Mistake #5: Getting too brave, too fast
Slinging can be scary for a lot of first time baby wearers. Believe it or not, even tiny babies are very good at picking up on these cues from their parents. If your child senses that you are scared or worried, he will wonder why you are scared, assume he is in a scary situation, and will react with a fear response. I have talked to so many parents who have given up on slinging because their babies cried every time they got in the sling. Although I do believe that there are some kids who authentically dislike being worn, I have seen for myself that most of them eventually come to love it once mom or dad has some confidence.

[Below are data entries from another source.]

(* Let $\gamma>1$, $\alpha>\frac12$, $\theta\in(0,\frac12)$, $\epsilon>0$ and $\bar\rho>0$. Let $(\rho,u)$ be a smooth solution with $\rho>0$ of the regularized system $\rho_t+(\rho u)_x=0$, $(\rho u)_t+(\rho u^2+\rho^\gamma)_x=((\rho^\alpha+\epsilon\rho^\theta)u_x)_x$ on $\mathbb R\times[0,T]$ satisfying the estimate of Lemma 3.3. Then there exist a constant $C$ independent of $\epsilon$ and $T$, and a constant $C(\epsilon,T)>0$, such that $$0<C(\epsilon,T)\le\rho(x,t)\le C\quad\text{on }\mathbb R\times[0,T].$$
   Context: $\Psi(\rho,\bar\rho)=\int_{\bar\rho}^{\rho}\frac{s^\gamma-\bar\rho^\gamma}{s^2}ds$. The estimate of Lemma 3.3: $\sup_t\int\{\rho u^2+[(\rho^{\alpha-1/2}/(\alpha-1/2))_x]^2+\epsilon^2[(\rho^{\theta-1/2}/(\theta-1/2))_x]^2+\rho\Psi(\rho,\bar\rho)\}dx+\int_0^T\int\{(\rho^\alpha+\epsilon\rho^\theta)u_x^2+[(\rho^{(\alpha+\gamma-1)/2}-\bar\rho^{(\alpha+\gamma-1)/2})_x]^2+\epsilon[(\rho^{(\theta+\gamma-1)/2}-\bar\rho^{(\theta+\gamma-1)/2})_x]^2\}dxdt\le C$ with $C$ independent of $\epsilon,T$. *)

theory Defs
  imports "HOL-Analysis.Analysis"
begin

text \<open>C^k regularity of a real function of (x,t) on a set S, via partial derivatives
  (derivatives taken within S, so regularity up to the boundary t = 0, t = T).\<close>
fun Ck_on :: "nat \<Rightarrow> (real \<times> real) set \<Rightarrow> (real \<times> real \<Rightarrow> real) \<Rightarrow> bool" where
  "Ck_on 0 S f = continuous_on S f"
| "Ck_on (Suc k) S f =
     (\<exists>fx ft. (\<forall>z\<in>S. (f has_derivative (\<lambda>h. fx z * fst h + ft z * snd h)) (at z within S))
              \<and> Ck_on k S fx \<and> Ck_on k S ft)"

definition smooth_on :: "(real \<times> real) set \<Rightarrow> (real \<Rightarrow> real \<Rightarrow> real) \<Rightarrow> bool" where
  "smooth_on S f \<longleftrightarrow> (\<forall>k. Ck_on k S (\<lambda>(x, t). f x t))"

definition dx :: "(real \<Rightarrow> real \<Rightarrow> real) \<Rightarrow> real \<Rightarrow> real \<Rightarrow> real" where
  "dx f x t = deriv (\<lambda>y. f y t) x"

definition dt :: "(real \<Rightarrow> real \<Rightarrow> real) \<Rightarrow> real \<Rightarrow> real \<Rightarrow> real" where
  "dt f x t = deriv (\<lambda>s. f x s) t"

definition Psi :: "real \<Rightarrow> real \<Rightarrow> real \<Rightarrow> real" where
  "Psi \<gamma> r rb =
     (if rb \<le> r then integral {rb..r} (\<lambda>s. (s powr \<gamma> - rb powr \<gamma>) / s\<^sup>2)
      else - integral {r..rb} (\<lambda>s. (s powr \<gamma> - rb powr \<gamma>) / s\<^sup>2))"

definition solves_system ::
  "real \<Rightarrow> real \<Rightarrow> real \<Rightarrow> real \<Rightarrow> real \<Rightarrow> (real \<Rightarrow> real \<Rightarrow> real) \<Rightarrow> (real \<Rightarrow> real \<Rightarrow> real) \<Rightarrow> bool" where
  "solves_system \<gamma> \<alpha> \<theta> \<epsilon> T \<rho> u \<longleftrightarrow>
     (\<forall>x t. 0 < t \<and> t < T \<longrightarrow>
        dt \<rho> x t + dx (\<lambda>x t. \<rho> x t * u x t) x t = 0
      \<and> dt (\<lambda>x t. \<rho> x t * u x t) x t
          + dx (\<lambda>x t. \<rho> x t * (u x t)\<^sup>2 + \<rho> x t powr \<gamma>) x t
        = dx (\<lambda>x t. (\<rho> x t powr \<alpha> + \<epsilon> * \<rho> x t powr \<theta>) * dx u x t) x t)"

Slinging is something that should be eased into, with lots of practice at home before venturing out into the wild. Build up your confidence in the safety of your home -- and preferably with a helper -- before taking a day trip out. Practice getting baby in and out of the sling while standing over the couch or bed. Ask your spouse, partner, or friend to spot you the first few times. Wear your baby for short periods of time at home and take him off BEFORE your muscles start to feel fatigued. This way your body can slowly acclimate to it. Spend lots of time playing with your baby while you wear him. Sing to him, give him his favorite toy or paci. Try breastfeeding him, if you are comfortable. All of these things teach your baby that a sling is a safe and comforting place to be. You will find that over time -- just like my son -- your child will start getting excited when you whip out the sling. My son, now 20 months old, will actually bring a sling to me and grin from ear to ear, letting me know that he wants to come up. This warms my heart every time, because he began as one of those fussy babies who I thought would never like to be worn.
Avoiding these five common mistakes can make baby wearing much more pleasant for you and your baby. It takes a little time to master the art of the sling, but once you nail it, you'll notice an incredible difference. Keep it up, mom and dad! You can do it! Don't give up just because it's challenging. Slinging can be such an amazing experience, so don't let these avoidable mistakes take that experience away from you.